─── MATERIAL SUPPLIED ───

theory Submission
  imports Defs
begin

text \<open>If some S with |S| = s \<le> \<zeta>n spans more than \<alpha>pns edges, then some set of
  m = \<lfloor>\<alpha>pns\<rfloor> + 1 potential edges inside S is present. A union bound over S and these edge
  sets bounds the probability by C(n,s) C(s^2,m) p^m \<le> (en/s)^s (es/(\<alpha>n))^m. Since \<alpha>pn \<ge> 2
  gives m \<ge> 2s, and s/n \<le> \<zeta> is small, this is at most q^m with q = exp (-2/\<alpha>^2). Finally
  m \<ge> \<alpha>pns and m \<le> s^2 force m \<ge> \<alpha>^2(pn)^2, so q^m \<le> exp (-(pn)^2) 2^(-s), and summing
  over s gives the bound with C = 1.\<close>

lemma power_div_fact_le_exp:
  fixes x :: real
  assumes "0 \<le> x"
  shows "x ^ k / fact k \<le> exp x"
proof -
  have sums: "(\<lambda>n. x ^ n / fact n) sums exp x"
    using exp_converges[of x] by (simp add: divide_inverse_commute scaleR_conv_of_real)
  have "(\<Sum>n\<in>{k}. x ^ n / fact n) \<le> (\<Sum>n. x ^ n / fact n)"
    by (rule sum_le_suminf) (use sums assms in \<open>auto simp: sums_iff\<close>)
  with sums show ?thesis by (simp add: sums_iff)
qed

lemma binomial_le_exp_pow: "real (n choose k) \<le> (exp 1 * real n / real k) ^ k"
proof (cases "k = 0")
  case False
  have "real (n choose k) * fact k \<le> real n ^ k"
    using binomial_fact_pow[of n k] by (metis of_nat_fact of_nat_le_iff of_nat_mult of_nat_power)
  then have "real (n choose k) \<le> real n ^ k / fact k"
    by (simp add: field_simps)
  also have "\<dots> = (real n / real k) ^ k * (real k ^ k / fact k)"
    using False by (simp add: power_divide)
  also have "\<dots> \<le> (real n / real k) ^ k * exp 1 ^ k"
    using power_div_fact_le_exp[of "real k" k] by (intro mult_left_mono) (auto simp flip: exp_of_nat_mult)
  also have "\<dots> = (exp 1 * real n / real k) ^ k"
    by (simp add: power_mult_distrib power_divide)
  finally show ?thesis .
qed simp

───

**GOAL OF THE EXERCISE**. From the entries above, select each line containing the string "alpha".

**TASK OUTPUT**.
text \<open>If some S with |S| = s \<le> \<zeta>n spans more than \<alpha>pns edges, then some set of
  m = \<lfloor>\<alpha>pns\<rfloor> + 1 potential edges inside S is present. A union bound over S and these edge
  sets bounds the probability by C(n,s) C(s^2,m) p^m \<le> (en/s)^s (es/(\<alpha>n))^m. Since \<alpha>pn \<ge> 2
  gives m \<ge> 2s, and s/n \<le> \<zeta> is small, this is at most q^m with q = exp (-2/\<alpha>^2). Finally
  m \<ge> \<alpha>pns and m \<le> s^2 force m \<ge> \<alpha>^2(pn)^2, so q^m \<le> exp (-(pn)^2) 2^(-s), and summing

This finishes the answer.